Aside from his weakness of the moment, ‘twas not the manner in which he wanted to greet Tor
en after so long. He needed to offer himself up in peace.
He dropped his hands to his sides. “I mean no harm here, but I will see my brother.”
“Betrayers have no brothers.” A gruff warrior with stone beading braided into his gray beard planted the end of his longbow upon the ground. The surrounding warriors growled their agreement.
Haddon lifted his hand, silencing the grumbling. “Ye say ye wish to confer?”
Shaw jerked his chin in a tight nod.
“I doubt the High Sorcerer has any use for the lies trickling off yer forked tongue, diabhal.”
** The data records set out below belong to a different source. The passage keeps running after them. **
lemma sa2_mul_tensor_basis_right:
  "sa2_mul n \<rho> X (sa_tensor (sa_basis Q1 q1) (sa_basis Q2 q2)) = (\<lambda>S1 g1 S2 g2.
     if Q1 \<subseteq> {..<n} \<and> Q2 \<subseteq> {..<n} then
     (\<Sum>P1\<in>Pow {..<n}. \<Sum>p1\<in>UNIV. \<Sum>P2\<in>Pow {..<n}. \<Sum>p2\<in>UNIV.
        X P1 p1 P2 p2 * basis_mul P1 p1 Q1 q1 S1 g1 * basis_mul P2 p2 Q2 q2 S2 g2) else 0)"
proof (intro ext)
  fix S1 g1 S2 g2
  let ?C = "Q1 \<subseteq> {..<n} \<and> Q2 \<subseteq> {..<n}"
  have inner: "(\<Sum>Q1'\<in>Pow {..<n}. \<Sum>q1'\<in>UNIV. \<Sum>Q2'\<in>Pow {..<n}. \<Sum>q2'\<in>UNIV.
        X P1 p1 P2 p2 * sa_tensor (sa_basis Q1 q1) (sa_basis Q2 q2) Q1' q1' Q2' q2'
        * basis_mul P1 p1 Q1' q1' S1 g1 * basis_mul P2 p2 Q2' q2' S2 g2)
    = (if ?C then X P1 p1 P2 p2 * basis_mul P1 p1 Q1 q1 S1 g1 * basis_mul P2 p2 Q2 q2 S2 g2 else 0)"
    for P1 p1 P2 p2
  proof -
    have "(\<Sum>Q1'\<in>Pow {..<n}. \<Sum>q1'\<in>UNIV. \<Sum>Q2'\<in>Pow {..<n}. \<Sum>q2'\<in>UNIV.
          X P1 p1 P2 p2 * sa_tensor (sa_basis Q1 q1) (sa_basis Q2 q2) Q1' q1' Q2' q2'
          * basis_mul P1 p1 Q1' q1' S1 g1 * basis_mul P2 p2 Q2' q2' S2 g2)
      = (\<Sum>Q1'\<in>Pow {..<n}. \<Sum>q1'\<in>UNIV. \<Sum>Q2'\<in>Pow {..<n}. \<Sum>q2'\<in>UNIV.
          if Q1' = Q1 \<and> q1' = q1 \<and> Q2' = Q2 \<and> q2' = q2
          then X P1 p1 P2 p2 * basis_mul P1 p1 Q1' q1' S1 g1 * basis_mul P2 p2 Q2' q2' S2 g2 else 0)"
      by (intro sum.cong refl) (auto simp: sa_tensor_def sa_basis_def)
    then show ?thesis by (simp only: sum4_delta)
  qed
  have "sa2_mul n \<rho> X (sa_tensor (sa_basis Q1 q1) (sa_basis Q2 q2)) S1 g1 S2 g2
     = (\<Sum>P1\<in>Pow {..<n}. \<Sum>p1\<in>UNIV. \<Sum>P2\<in>Pow {..<n}. \<Sum>p2\<in>UNIV.
        if ?C then X P1 p1 P2 p2 * basis_mul P1 p1 Q1 q1 S1 g1 * basis_mul P2 p2 Q2 q2 S2 g2 else 0)"
    unfolding sa2_mul_def inner ..
  also have "\<dots> = (if ?C then (\<Sum>P1\<in>Pow {..<n}. \<Sum>p1\<in>UNIV. \<Sum>P2\<in>Pow {..<n}. \<Sum>p2\<in>UNIV.
        X P1 p1 P2 p2 * basis_mul P1 p1 Q1 q1 S1 g1 * basis_mul P2 p2 Q2 q2 S2 g2) else 0)"
  proof (cases ?C)
    case False
    then show ?thesis by (simp only: if_not_P[OF False] if_False sum.neutral_const)
  qed simp
  finally show "sa2_mul n \<rho> X (sa_tensor (sa_basis Q1 q1) (sa_basis Q2 q2)) S1 g1 S2 g2
     = (if ?C then (\<Sum>P1\<in>Pow {..<n}. \<Sum>p1\<in>UNIV. \<Sum>P2\<in>Pow {..<n}. \<Sum>p2\<in>UNIV.
        X P1 p1 P2 p2 * basis_mul P1 p1 Q1 q1 S1 g1 * basis_mul P2 p2 Q2 q2 S2 g2) else 0)" .
qed

lemma sa_Delta_gen_eq:
  assumes "x < n"
  shows "(sa_Delta_gen n u x :: nat set \<Rightarrow> 'g \<Rightarrow> nat set \<Rightarrow> 'g \<Rightarrow> 'k) = (\<lambda>A a B b.
     sa_tensor (sa_basis {x} 0) (sa_basis {} 0) A a B b + sa_tensor (sa_basis {} u) (sa_basis {x} 0) A a B b)"
  unfolding sa_Delta_gen_def sa_vec_indicator[OF assms] by (simp add: sa_one_def sa_grp_def)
“But you’ll ask the High Sorcerer himself, right?” Bekah interjected. “I mean, what if he does want to see his brother and you’re the yahoo who doesn’t let that happen? Huh? So guessing not a lot of gray matter in that huge Scottish head then.”
Haddon‘s eyes bulged out and his mouth dropped unhinged. By his dumbfounded expression he knew he’d been insulted, he just didn’t know how. Haddon glanced about at his fellows for assistance, but their perplexed looks offered no help.
Shaw stifled the grin from settling into his features. The wee lass had them by rights.
Haddon shifted from one foot to the other. “Maoil, go inquire of the Sorcerer what he would have us do with the betrayer.”
A young warrior with the light features of the MacTavis bobbed his head and ran off toward the keep.
Haddon rolled his shoulders in an attempt to regain the higher ground he was sinking on. “If ye’re truly here peaceably, ye’ll offer no resistance to binding yer hands.” The warrior stretched an arm out to the side and Eber Horsetooth placed a coil of rope in his waiting palm.
In answer, Shaw placed his wrists together and stretched out his arms.
Haddon made quick work of tying Shaw’s wrists and as a final touch, he removed a thin chain from around his neck and twined it around the rope.
Iron. The superstitious dolt believed a wee bit of iron could undo his magic. If his magic stemmed from the ether or the absent Fae, mayhap that might weaken it, but his magic was born of moonlight and darkness where iron had no power.